INPUT FOR THIS TASK section start

lemma sum_weighted_mult_div_coprime:
  assumes "b > 0" "coprime b a"
  shows "2 * real a * (\<Sum>j<b. real j * real ((j * a) div b))
       = (real a ^ 2 - 1) * (real b - 1) * (2 * real b - 1) / 6
         + real b * (\<Sum>j<b. real ((j * a) div b) ^ 2)"
proof -
  define B where "B = (\<Sum>j<b. real j * real ((j * a) div b))"
  define Q where "Q = (\<Sum>j<b. real ((j * a) div b) ^ 2)"
  define J where "J = (\<Sum>j<b. real j ^ 2)"
  have "J = (\<Sum>j<b. real ((j * a) mod b) ^ 2)"
    unfolding J_def using sum_mult_mod_reindex[OF assms, of "\<lambda>x. real x ^ 2"] by simp
  also have "\<dots> = (\<Sum>j<b. real a ^ 2 * real j ^ 2 - 2 * real a * real b * (real j * real ((j * a) div b))
           + real b ^ 2 * real ((j * a) div b) ^ 2)"
    by (intro sum.cong refl) (simp add: of_nat_mod_eq_diff power2_eq_square algebra_simps)
  also have "\<dots> = real a ^ 2 * J - 2 * real a * real b * B + real b ^ 2 * Q"
    by (simp add: B_def Q_def J_def sum.distrib sum_subtractf sum_distrib_left)
  finally have "J = real a ^ 2 * J - 2 * real a * real b * B + real b ^ 2 * Q" .
  moreover have "J = real b * (real b - 1) * (2 * real b - 1) / 6"
    unfolding J_def by (rule sum_of_nat_squared_lessThan)
  ultimately have "real b * (2 * real a * B)
      = real b * ((real a ^ 2 - 1) * (real b - 1) * (2 * real b - 1) / 6 + real b * Q)"
    by (simp add: field_simps power2_eq_square)
  then show ?thesis using assms(1) by (simp add: B_def Q_def)
qed

lemma card_multiples_le:
  assumes "a > 0" "k < a"
  shows "card {j \<in> {1..<b}. j * a \<le> k * b} = (k * b) div a"
proof -
  have bound: "j < b" if "j * a \<le> k * b" "j \<ge> 1" for j
  proof -
    have "k * b \<le> b * a" using assms(2) by (simp add: mult.commute)
    with that(1) have "j * a \<le> b * a" by (rule order_trans)
    then have "j \<le> b" using assms(1) by simp
    moreover have "j \<noteq> b" using that assms by auto
    ultimately show ?thesis by simp
  qed
  have "j \<in> {j \<in> {1..<b}. j * a \<le> k * b} \<longleftrightarrow> j \<in> {1..(k * b) div a}" for j
    using bound[of j] less_eq_div_iff_mult_less_eq[OF assms(1), of j "k * b"] by auto
  then have "{j \<in> {1..<b}. j * a \<le> k * b} = {1..(k * b) div a}"
    by blast
  then show ?thesis by simp
qed

lemma sum_of_nat_greaterThan_lessThan:
  assumes "p < a"
  shows "(\<Sum>k<a. if p < k then of_nat k else 0 :: 'a :: field_char_0)
       = of_nat a * (of_nat a - 1) / 2 - of_nat p * (of_nat p + 1) / 2"
proof -
  have "(\<Sum>k<a. if p < k then of_nat k else 0 :: 'a) = (\<Sum>k\<in>{Suc p..<a}. of_nat k)"
    by (rule sum.mono_neutral_cong_right) auto
  also have "\<dots> = (\<Sum>k<a. of_nat k) - (\<Sum>k<Suc p. of_nat k)"
    using sum_diff_nat_ivl[of 0 "Suc p" a "of_nat :: nat \<Rightarrow> 'a"] assms
    by (simp add: atLeast0LessThan)
  finally show ?thesis unfolding sum_of_nat_lessThan by (simp add: field_simps)
qed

INPUT FOR THIS TASK section end

## YOUR OBJECTIVE
Retype the material exactly.

## RESULT OF THE EXERCISE
lemma sum_weighted_mult_div_coprime:
  assumes "b > 0" "coprime b a"
  shows "2 * real a * (\<Sum>j<b. real j * real ((j * a) div b))
       = (real a ^ 2 - 1) * (real b - 1) * (2 * real b - 1) / 6
         + real b * (\<Sum>j<b. real ((j * a) div b) ^ 2)"
proof -
  define B where "B = (\<Sum>j<b. real j * real ((j * a) div b))"
  define Q where "Q = (\<Sum>j<b. real ((j * a) div b) ^ 2)"
  define J where "J = (\<Sum>j<b. real j ^ 2)"
  have "J = (\<Sum>j<b. real ((j * a) mod b) ^ 2)"
    unfolding J_def using sum_mult_mod_reindex[OF assms, of "\<lambda>x. real x ^ 2"] by simp
  also have "\<dots> = (\<Sum>j<b. real a ^ 2 * real j ^ 2 - 2 * real a * real b * (real j * real ((j * a) div b))
           + real b ^ 2 * real ((j * a) div b) ^ 2)"
    by (intro sum.cong refl) (simp add: of_nat_mod_eq_diff power2_eq_square algebra_simps)
  also have "\<dots> = real a ^ 2 * J - 2 * real a * real b * B + real b ^ 2 * Q"
    by (simp add: B_def Q_def J_def sum.distrib sum_subtractf sum_distrib_left)
  finally have "J = real a ^ 2 * J - 2 * real a * real b * B + real b ^ 2 * Q" .
  moreover have "J = real b * (real b - 1) * (2 * real b - 1) / 6"
    unfolding J_def by (rule sum_of_nat_squared_lessThan)
  ultimately have "real b * (2 * real a * B)
      = real b * ((real a ^ 2 - 1) * (real b - 1) * (2 * real b - 1) / 6 + real b * Q)"
    by (simp add: field_simps power2_eq_square)
  then show ?thesis using assms(1) by (simp add: B_def Q_def)
qed

lemma card_multiples_le:
  assumes "a > 0" "k < a"
  shows "card {j \<in> {1..<b}. j * a \<le> k * b} = (k * b) div a"
proof -
  have bound: "j < b" if "j * a \<le> k * b" "j \<ge> 1" for j
  proof -
    have "k * b \<le> b * a" using assms(2) by (simp add: mult.commute)
    with that(1) have "j * a \<le> b * a" by (rule order_trans)
    then have "j \<le> b" using assms(1) by simp
    moreover have "j \<noteq> b" using that assms by auto
    ultimately show ?thesis by simp
  qed
  have "j \<in> {j \<in> {1..<b}. j * a \<le> k * b} \<longleftrightarrow> j \<in> {1..(k * b) div a}" for j
    using bound[of j] less_eq_div_iff_mult_less_eq[OF assms(1), of j "k * b"] by auto
  then have "{j \<in> {1..<b}. j * a \<le> k * b} = {1..(k * b) div a}"
    by blast
  then show ?thesis by simp
qed

lemma sum_of_nat_greaterThan_lessThan:
  assumes "p < a"
  shows "(\<Sum>k<a. if p < k then of_nat k else 0 :: 'a :: field_char_0)
       = of_nat a * (of_nat a - 1) / 2 - of_nat p * (of_nat p + 1) / 2"
proof -
  have "(\<Sum>k<a. if p < k then of_nat k else 0 :: 'a) = (\<Sum>k\<in>{Suc p..<a}. of_nat k)"
    by (rule sum.mono_neutral_cong_right) auto
  also have "\<dots> = (\<Sum>k<a. of_nat k) - (\<Sum>k<Suc p. of_nat k)"
    using sum_diff_nat_ivl[of 0 "Suc p" a "of_nat :: nat \<Rightarrow> 'a"] assms
    by (simp add: atLeast0LessThan)
  finally show ?thesis unfolding sum_of_nat_lessThan by (simp add: field_simps)
qed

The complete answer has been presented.